Broad data covers a very large range of values. Much larger than you would see from a normal distribution.

It is skewed in one direction. You can see if this is happening by comparing the mean and the median:

In [3]:
data = np.random.pareto(1.0, 1000) # fake data!

print "   min = %10.4f" % min(data)
print "   max = %10.4f" % max(data)
print "  mean = %10.4f" % np.mean(data)
print "median = %10.4f" % np.median(data)
   min =     0.0006
   max = 17500.4263
  mean =    24.0625
median =     0.9637

If we try to make a histogram, we're going to have a bad time:

In [4]:
plt.hist(data,30, facecolor=niceblu,edgecolor="w",lw=0.5)
plt.xlabel("X")
plt.ylabel("P(x)")
plt.show()

We can use more bins and zoom in, but we're still not going to see much:

In [5]:
plt.hist(data,300, facecolor=niceblu,edgecolor="w",lw=0.5)
plt.xlabel("X")
plt.ylabel("P(x)")
plt.xlim([0,100])
plt.show()

Solution Do a nonlinear plot

Logarithmic axes

The function \(y= \log(x)\) grows very very slowly. * We can make \(x\) HUGE and the log will just cram it way down to a small number

Let's see this:

In [6]:
x = linspace(1,1000,400)
y = np.log(x)

plt.plot(x, y, '-', lw=3 )
plt.xlabel("X")
plt.ylabel("Y = ln(X)")
plt.title("Linear plot")
plt.show()



What if we can stretch the x-axis in such a way to cancel out how slow this is growing...

In [7]:
plt.semilogx(x, y, '-', lw=3)
#   ^^^^^

plt.xlabel("X")
plt.ylabel("Y = ln(X)")
plt.title("Nonlinear plot!")
plt.show()

We can change space as we move along the x-axis, squashing larger and larger chunks into a given visual length in such as way that the slow-growing log function now appears linear!

What plt.semilogx is doing is log-transforming the X-data. This is the same as:

In [8]:
plt.plot(np.log10(x), y, lw=3)

plt.xlabel("log(X)")
plt.ylabel("Y = ln(X)")
plt.show()

The only difference is that plt.semilogx is smart enough to nicely label the x-axis with \(10^0\) instead of \(0\), \(10^1\) instead of \(1\), \(10^2\) instead of \(2\), etc.

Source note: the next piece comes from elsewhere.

(* Let $d$ be a metric on $\mathbb R^n$ induced by a norm, $\delta>0$, and let $\tilde w:\mathcal D^n(\delta)\to\mathcal D^n(\delta)$ be the $\delta$-roundoff of a contraction $w$ on $(\mathbb R^n,d)$ with contractivity factor $\lambda\in[0,1)$ and fixed point $x_f$. Then the minimal absorbing set $\mathcal M[\tilde w]$ (for $\tilde w$ in $\mathcal D^n(\delta)$) exists, is finite, and its cardinality is at most the cardinality of $\Lambda(x_f,r_0)=\{\tilde y\in\mathcal D^n(\delta):d(\tilde y,x_f)\le\theta(1-\lambda)^{-1}\}$.
   Context: For $m\in\mathbb Z^n$, $C_\delta(m)=\prod_{j=1}^n[(m_j-\tfrac12)\delta,(m_j+\tfrac12)\delta)$; $\mathcal D^n(\delta)=\{\delta m:m\in\mathbb Z^n\}\subset\mathbb R^n$. The $\delta$-roundoff of $x\in\mathbb R^n$ is $\tilde x=\delta m$ where $x\in C_\delta(m)$; the $\delta$-roundoff of $w$ is $\tilde w(\tilde x)=\widetilde{w(\tilde x)}$. $\theta:=\tfrac12\operatorname{diam}_d(C_\delta(0))$. For nonempty $C$ with $\tilde w(C)\subset C$, $\Lambda\subset C$ is absorbing for $\tilde w$ in $C$ if for every $\tilde x\in C$ there is $N$ with $\tilde w^{\circ i}(\tilde x)\in\Lambda$ for all $i\ge N$. If the intersection of all absorbing sets in $C=\mathcal D^n(\delta)$ is itself absorbing, it is the minimal absorbing set $\mathcal M[\tilde w]$ and is said to exist. *)

theory Defs
  imports "HOL-Analysis.Analysis"
begin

So what? Why is this helpful?

The wealth data is too broad to see what is happening. The log is a squashing function.

In [9]:
plt.hist( np.log10(data), bins=30, facecolor=niceblu)

plt.xlabel("log10(data)")
plt.ylabel("Count")
plt.show()

WOW!

The rightmost bin with data looks to be a little beyond 3. That means those points have value around \(10^3\) because we took log base 10


We transformed the data and then binned and plotted it. What happens if we bin the original data and then plot that on a log-axis?

In [10]:
plt.hist( data, bins=30, facecolor=niceblu)

plt.xlabel("X")
plt.ylabel("Count(X)")
plt.gca().set_xscale('log') 

plt.show()

Whoa That ain't right.

All we've done is taken the original bins and stretched them logarithmically. That one huge bin still contains almost 90% of the data.

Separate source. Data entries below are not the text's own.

lemma spectral_sum_psd:
  assumes "finite B" and "\<And>b. b \<in> B \<Longrightarrow> 0 \<le> c b"
  shows "psd_rmat (spectral_sum B c)"
proof -
  have "x \<bullet> (spectral_sum B c *v x) = (\<Sum>b\<in>B. c b * (b \<bullet> x)\<^sup>2)" for x
    using assms(1)
    by (simp add: spectral_sum_mult_vector inner_sum_right power2_eq_square inner_commute[of x] mult.assoc)
  then show ?thesis
    using assms
    by (simp add: psd_rmat_def symmetric_mat_def spectral_sum_def transpose_def vec_eq_iff
        mult_ac sum_nonneg)
qed

lemma psd_rmat_kernel:
  assumes P: "psd_rmat P" and null: "x \<bullet> (P *v x) = 0"
  shows "P *v x = 0"
proof -
  have "transpose P = P" "\<And>z. 0 \<le> z \<bullet> (P *v z)"
    using P by (auto simp: psd_rmat_def symmetric_mat_def)
  then have "(P *v x) \<bullet> (P *v x) = 0"
    using psd_form_null_vector_orthogonal[OF _ subspace_UNIV _ UNIV_I UNIV_I null] by blast
  then show ?thesis by simp
qed

lemma psd_rmat_sqrt_unique:
  fixes P Q :: "real^'n^'n"
  assumes P: "psd_rmat P" and Q: "psd_rmat Q" and sq: "P ** P = Q ** Q"
  shows "P = Q"
proof -
  have symP: "transpose P = P" and symQ: "transpose Q = Q"
    and nonneg: "\<And>z. 0 \<le> z \<bullet> (P *v z)" "\<And>z. 0 \<le> z \<bullet> (Q *v z)"
    using P Q by (auto simp: psd_rmat_def symmetric_mat_def)
  have "transpose (Q - P) = Q - P"
    using symP symQ by (simp add: transpose_def vec_eq_iff)
  then obtain B where B: "orthonormal_basis B"
    and eig: "\<And>b. b \<in> B \<Longrightarrow> (Q - P) *v b = (b \<bullet> ((Q - P) *v b)) *\<^sub>R b"
    using symmetric_orthonormal_eigenbasis by blast
  have "Q *v b = P *v b" if "b \<in> B" for b
  proof -
    define m where "m = b \<bullet> ((Q - P) *v b)"
    have "b \<bullet> b = 1" using B \<open>b \<in> B\<close> by (simp add: orthonormal_basis_inner)
    have Qb: "Q *v b = P *v b + m *\<^sub>R b"
      using eig[OF that] by (simp add: m_def matrix_vector_mult_diff_rdistrib algebra_simps)
    have "(Q *v b) \<bullet> (Q *v b) = (P *v b) \<bullet> (P *v b)"
      using sq symmetric_matrix_vector_inner_self[OF symP] symmetric_matrix_vector_inner_self[OF symQ]
      by metis
    moreover have "(Q *v b) \<bullet> (Q *v b) = (P *v b) \<bullet> (P *v b) + m * (b \<bullet> (P *v b) + b \<bullet> (Q *v b))"
      using \<open>b \<bullet> b = 1\<close>
      by (simp add: Qb inner_add_left inner_add_right inner_commute[of "P *v b" b] algebra_simps)
    ultimately have "m = 0 \<or> b \<bullet> (P *v b) + b \<bullet> (Q *v b) = 0"
      by simp
    then show ?thesis
    proof
      assume "b \<bullet> (P *v b) + b \<bullet> (Q *v b) = 0"
      then have "P *v b = 0" "Q *v b = 0"
        using nonneg[of b] psd_rmat_kernel P Q by (metis add_nonneg_eq_0_iff)+
      then show ?thesis by simp
    qed (simp add: Qb)
  qed
  then show ?thesis
    using matrix_eq_on_orthonormal_basis[OF B] by metis
qed

lemma abs_mat_eigenbasis:
  fixes K :: "real^'n^'n"
  obtains B where "orthonormal_basis B"
    and "\<And>b. b \<in> B \<Longrightarrow> transpose K *v (K *v b) = (norm (K *v b))\<^sup>2 *\<^sub>R b"
    and "\<And>b. b \<in> B \<Longrightarrow> abs_mat K *v b = norm (K *v b) *\<^sub>R b"
proof (rule symmetric_orthonormal_eigenbasis[of "transpose K ** K"])
  show "transpose (transpose K ** K) = transpose K ** K"
    by (simp add: matrix_transpose_mul)
next
  fix B assume B: "orthonormal_basis B"
    and eig0: "\<And>b. b \<in> B \<Longrightarrow> (transpose K ** K) *v b = (b \<bullet> ((transpose K ** K) *v b)) *\<^sub>R b"
  have eig: "transpose K *v (K *v b) = (norm (K *v b))\<^sup>2 *\<^sub>R b" if "b \<in> B" for b
  proof -
    have "b \<bullet> ((transpose K ** K) *v b) = (K *v b) \<bullet> (K *v b)"
      using inner_matrix_vector_transpose[of b "transpose K" "K *v b"]
      by (simp only: matrix_vector_mul_assoc transpose_transpose)
    then show ?thesis
      using eig0[OF that] by (simp only: matrix_vector_mul_assoc power2_norm_eq_inner)
  qed
  define P where "P = spectral_sum B (\<lambda>b. norm (K *v b))"
  have Pb: "P *v b = norm (K *v b) *\<^sub>R b" if "b \<in> B" for b
    unfolding P_def using B that by (rule spectral_sum_eigenvector)
  have P_psd: "psd_rmat P"
    unfolding P_def using orthonormal_basis_finite[OF B] by (rule spectral_sum_psd) simp
  have P_sq: "P ** P = transpose K ** K"
  proof (rule matrix_eq_on_orthonormal_basis[OF B])
    fix b assume "b \<in> B"
    have "(P ** P) *v b = norm (K *v b) *\<^sub>R (P *v b)"
      by (simp only: Pb[OF \<open>b \<in> B\<close>] matrix_vector_mul_assoc[symmetric] matrix_vector_mult_scaleR)
    also have "\<dots> = transpose K *v (K *v b)"
      by (simp only: eig[OF \<open>b \<in> B\<close>] Pb[OF \<open>b \<in> B\<close>] scaleR_scaleR power2_eq_square)
    finally show "(P ** P) *v b = (transpose K ** K) *v b"
      by (simp only: matrix_vector_mul_assoc)
  qed
  have "abs_mat K = P"
    unfolding abs_mat_def
  proof (rule the_equality)
    show "psd_rmat P \<and> P ** P = transpose K ** K" using P_psd P_sq ..
    fix Q assume "psd_rmat Q \<and> Q ** Q = transpose K ** K"
    then have "psd_rmat Q" "Q ** Q = P ** P" using P_sq by auto
    then show "Q = P" by (metis psd_rmat_sqrt_unique P_psd)
  qed
  then show ?thesis using that[OF B eig] Pb by simp
qed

To make a nice plot, what we should do is choose non-uniform bins. If you choose bins that are spaced wider and wider apart, the log will squash them down until (if chosen well) they are all the same width on the logarithmic scale:

In [11]:
plt.hist(data, bins=np.logspace(-4, 4, 30), facecolor=niceblu)
#                      ^^^^^

plt.xlabel("X")
plt.ylabel("Count(X)")
plt.gca().set_xscale('log') 
plt.show()

Double-log axes

Sometimes both your X- and your Y-values are broadly distribued. We can also log-transform Y.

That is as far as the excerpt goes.